━━━ AVAILABLE RECORDS

lemma exists_exponent_log_bound:
  fixes n :: nat
  assumes "n \<ge> 2"
  obtains r where "n \<le> 2 ^ r" and "2 ^ r \<le> 2 * n" and "real r \<le> 2 / ln 2 * ln (real n)"
proof -
  define r where "r = (LEAST r. n \<le> 2 ^ r)"
  have "n \<le> 2 ^ r"
    unfolding r_def by (rule LeastI[of _ n]) simp
  then have "r \<noteq> 0"
    using assms by (intro notI) simp
  have "\<not> n \<le> 2 ^ (r - 1)"
    unfolding r_def by (rule not_less_Least) (use \<open>r \<noteq> 0\<close> in \<open>simp add: r_def\<close>)
  moreover have "(2 :: nat) ^ r = 2 * 2 ^ (r - 1)"
    using \<open>r \<noteq> 0\<close> by (simp add: power_eq_if)
  ultimately have "2 ^ r \<le> 2 * n"
    by simp
  have "real (r - 1) * ln 2 < ln (real n)"
    using \<open>\<not> n \<le> 2 ^ (r - 1)\<close> by (simp add: ln_realpow[symmetric])
  moreover have "ln 2 \<le> ln (real n)"
    using assms by simp
  ultimately have "real r * ln 2 \<le> 2 * ln (real n)"
    using \<open>r \<noteq> 0\<close> by (simp add: algebra_simps)
  then have "real r \<le> 2 / ln 2 * ln (real n)"
    by (simp add: field_simps)
  with \<open>n \<le> 2 ^ r\<close> \<open>2 ^ r \<le> 2 * n\<close> show ?thesis
    using that by blast
qed

lemma exists_zero_test_family:
  fixes p n r :: nat
  assumes "p \<ge> 2" and "n \<le> 2 ^ r"
  shows "\<exists>v :: bool list \<Rightarrow> nat \<Rightarrow> nat \<Rightarrow> nat. \<forall>a. length a = n \<and> \<not> AND_fun a \<longrightarrow>
           3 * card {\<rho>. length \<rho> = r \<and> (\<forall>l<6. dot_zeros n (v \<rho> l) a mod p = 0)} \<le> 2 ^ r"
proof -
  define V where "V = PiE {..<n} (\<lambda>_. {..<p})"
  define A where "A = {a :: bool list. length a = n \<and> \<not> AND_fun a}"
  define W where "W a = {v \<in> V. dot_zeros n v a mod p = 0}" for a
  define S where "S = {\<rho> :: bool list. length \<rho> = r}"
  have "finite V" "V \<noteq> {}"
    using assms(1) by (auto simp: V_def finite_PiE PiE_eq_empty_iff lessThan_empty_iff)
  have "A \<subseteq> {a. length a = n}"
    by (auto simp: A_def)
  then have "finite A" "card A \<le> 2 ^ n"
    using finite_subset[OF _ finite_bool_lists] card_mono[OF finite_bool_lists]
    by (auto simp: card_bool_lists)
  have "finite S" "card S = 2 ^ r"
    by (simp_all add: S_def finite_bool_lists card_bool_lists)
  have "W a \<subseteq> V \<and> 2 * card (W a) \<le> card V" if a: "a \<in> A" for a
  proof -
    obtain i0 where "i0 < n" "\<not> a ! i0"
      using a unfolding A_def AND_fun_def by blast
    then show ?thesis
      using card_linear_form_zero_le_half[OF assms(1), of i0 n "\<lambda>i. if a ! i then 0 else 1"]
      by (auto simp: W_def V_def dot_zeros_def)
  qed
  moreover have "card A * 2 ^ card S < 2 ^ ((card S div 3 + 1) * 6)"
  proof -
    have "card A * 2 ^ card S \<le> 2 ^ (n + 2 ^ r)"
      using \<open>card A \<le> 2 ^ n\<close> \<open>card S = 2 ^ r\<close> by (simp add: power_add)
    also have "\<dots> < 2 ^ ((2 ^ r div 3 + 1) * 6)"
      using assms(2) by (intro power_strict_increasing) presburger+
    finally show ?thesis
      using \<open>card S = 2 ^ r\<close> by simp
  qed
  ultimately obtain F :: "bool list \<times> nat \<Rightarrow> nat \<Rightarrow> nat" where F_V: "\<forall>\<rho>\<in>S. \<forall>l<6. F (\<rho>, l) \<in> V"
    and F_W: "\<forall>a\<in>A. 3 * card {\<rho> \<in> S. \<forall>l<6. F (\<rho>, l) \<in> W a} \<le> card S"
    using exists_seeded_family_rarely_in[OF \<open>finite V\<close> \<open>V \<noteq> {}\<close> \<open>finite A\<close> \<open>finite S\<close>, of W 6]
    by blast
  have "{\<rho> \<in> S. \<forall>l<6. F (\<rho>, l) \<in> W a}
      = {\<rho>. length \<rho> = r \<and> (\<forall>l<6. dot_zeros n (F (\<rho>, l)) a mod p = 0)}" for a
    using F_V by (auto simp: S_def W_def)
  then show ?thesis
    using F_W \<open>card S = 2 ^ r\<close> by (intro exI[of _ "\<lambda>\<rho> l. F (\<rho>, l)"]) (simp add: A_def)
qed

lemma size_and_test_circuit_le:
  assumes "n \<ge> 1" and "2 ^ r \<le> 2 * n"
  shows "size_circ2 (and_test_circuit p q n r d v) \<le> (2 ^ (p + 1) * p ^ d + 1) * n ^ (p + 1)"
proof -
  have "p ^ r \<le> (2 ^ p) ^ r"
    by (intro power_mono) (simp_all add: less_imp_le)
  then have "2 ^ r * p ^ (r + d) \<le> (2 ^ r) ^ (p + 1) * p ^ d"
    by (simp add: power_add power_mult[symmetric] mult.commute[of p r] mult.assoc)
  also have "\<dots> \<le> (2 * n) ^ (p + 1) * p ^ d"
    using assms(2) by (intro mult_right_mono power_mono) simp_all
  finally have "2 ^ r * p ^ (r + d) \<le> 2 ^ (p + 1) * p ^ d * n ^ (p + 1)"
    by (simp add: power_mult_distrib mult_ac)
  moreover have "1 \<le> n ^ (p + 1)"
    using assms(1) by simp
  ultimately show ?thesis
    unfolding size_and_test_circuit distrib_right mult_1_left by linarith
qed

lemma AND_prob_CCpq_circuit:
  fixes p q n :: nat
  assumes p: "prime p" and q: "prime q" "p \<noteq> q" and n: "n \<ge> 2"
  shows "\<exists>r C. size_circ2 C \<le> (2 ^ (p + 1) * p ^ 6 + 1) * n ^ (p + 1)
      \<and> real r \<le> 2 / ln 2 * ln (real n)
      \<and> is_CCpq (n + r) C \<and> prob_realizes (eval_circ2 p q C) n r AND_fun"
proof -
  obtain r where r: "n \<le> 2 ^ r" "2 ^ r \<le> 2 * n" "real r \<le> 2 / ln 2 * ln (real n)"
    using exists_exponent_log_bound[OF n] .
  obtain v :: "bool list \<Rightarrow> nat \<Rightarrow> nat \<Rightarrow> nat" where v: "\<And>a. length a = n \<Longrightarrow> \<not> AND_fun a \<Longrightarrow>
      3 * card {\<rho>. length \<rho> = r \<and> (\<forall>l<6. dot_zeros n (v \<rho> l) a mod p = 0)} \<le> 2 ^ r"
    using exists_zero_test_family[OF prime_ge_2_nat[OF p] r(1)] by blast
  define C where "C = and_test_circuit p q n r 6 v"
  have "prob_realizes (eval_circ2 p q C) n r AND_fun"
  proof (rule prob_realizes_one_sided)
    fix a b :: "bool list" assume "length a = n" "length b = r" "AND_fun a"
    then show "eval_circ2 p q C (a @ b)"
      using eval_and_test_circuit[OF p q] by (simp add: C_def AND_fun_def dot_zeros_def)
  next
    fix a :: "bool list" assume a: "length a = n" "\<not> AND_fun a"
    have "{b. length b = r \<and> eval_circ2 p q C (a @ b)}
        = {\<rho>. length \<rho> = r \<and> (\<forall>l<6. dot_zeros n (v \<rho> l) a mod p = 0)}"
      using eval_and_test_circuit[OF p q a(1)] by (auto simp: C_def)
    then show "3 * card {b. length b = r \<and> eval_circ2 p q C (a @ b)} \<le> 2 ^ r"
      using v[OF a] by simp
  qed
  moreover have "is_CCpq (n + r) C"
    by (simp add: is_CCpq_def C_def and_test_circuit_def)
  moreover have "size_circ2 C \<le> (2 ^ (p + 1) * p ^ 6 + 1) * n ^ (p + 1)"
    using size_and_test_circuit_le[OF _ r(2)] n by (simp add: C_def)
  ultimately show ?thesis
    using r(3) by blast
qed

lemma AND_prob_CCpq_poly:
  fixes p q :: nat
  assumes "prime p" and "prime q" and "p \<noteq> q"
  shows "\<exists>c k :: real. \<forall>n::nat. n \<ge> 2 \<longrightarrow>
           (\<exists>r C. real (size_circ2 C) \<le> k * real n powr c \<and> real r \<le> k * ln (real n) \<and>
              is_CCpq (n + r) C \<and> prob_realizes (eval_circ2 p q C) n r AND_fun)"
proof -
  define K :: nat where "K = 2 ^ (p + 1) * p ^ 6 + 1"
  define k :: real where "k = real K + 2 / ln 2"
  have "\<exists>r C. real (size_circ2 C) \<le> k * real n powr real (p + 1) \<and> real r \<le> k * ln (real n)
      \<and> is_CCpq (n + r) C \<and> prob_realizes (eval_circ2 p q C) n r AND_fun" if "n \<ge> 2" for n
  proof -
    obtain r C where C: "size_circ2 C \<le> K * n ^ (p + 1)" "real r \<le> 2 / ln 2 * ln (real n)"
      "is_CCpq (n + r) C" "prob_realizes (eval_circ2 p q C) n r AND_fun"
      using AND_prob_CCpq_circuit[OF assms \<open>n \<ge> 2\<close>] unfolding K_def by blast
    have "real n powr real (p + 1) = real n ^ (p + 1)"
      using \<open>n \<ge> 2\<close> by (intro powr_realpow) simp
    then have "real (size_circ2 C) \<le> real K * real n powr real (p + 1)"
      using C(1) by (metis of_nat_le_iff of_nat_mult of_nat_power)
    also have "\<dots> \<le> k * real n powr real (p + 1)"
      by (intro mult_right_mono) (simp_all add: k_def)
    moreover have "2 / ln 2 * ln (real n) \<le> k * ln (real n)"
      using \<open>n \<ge> 2\<close> by (intro mult_right_mono) (simp_all add: k_def)
    ultimately show ?thesis
      using C(2-4) by force
  qed
  then show ?thesis
    by blast
qed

━━━━━━

**WHAT IS NEEDED**
Above are the records; repeat exactly the lines from the one holding "define V where" down to the one holding "define S where", end lines included.

**SOLUTION TO THE EXERCISE**
  define V where "V = PiE {..<n} (\<lambda>_. {..<p})"
  define A where "A = {a :: bool list. length a = n \<and> \<not> AND_fun a}"
  define W where "W a = {v \<in> V. dot_zeros n v a mod p = 0}" for a
  define S where "S = {\<rho> :: bool list. length \<rho> = r}"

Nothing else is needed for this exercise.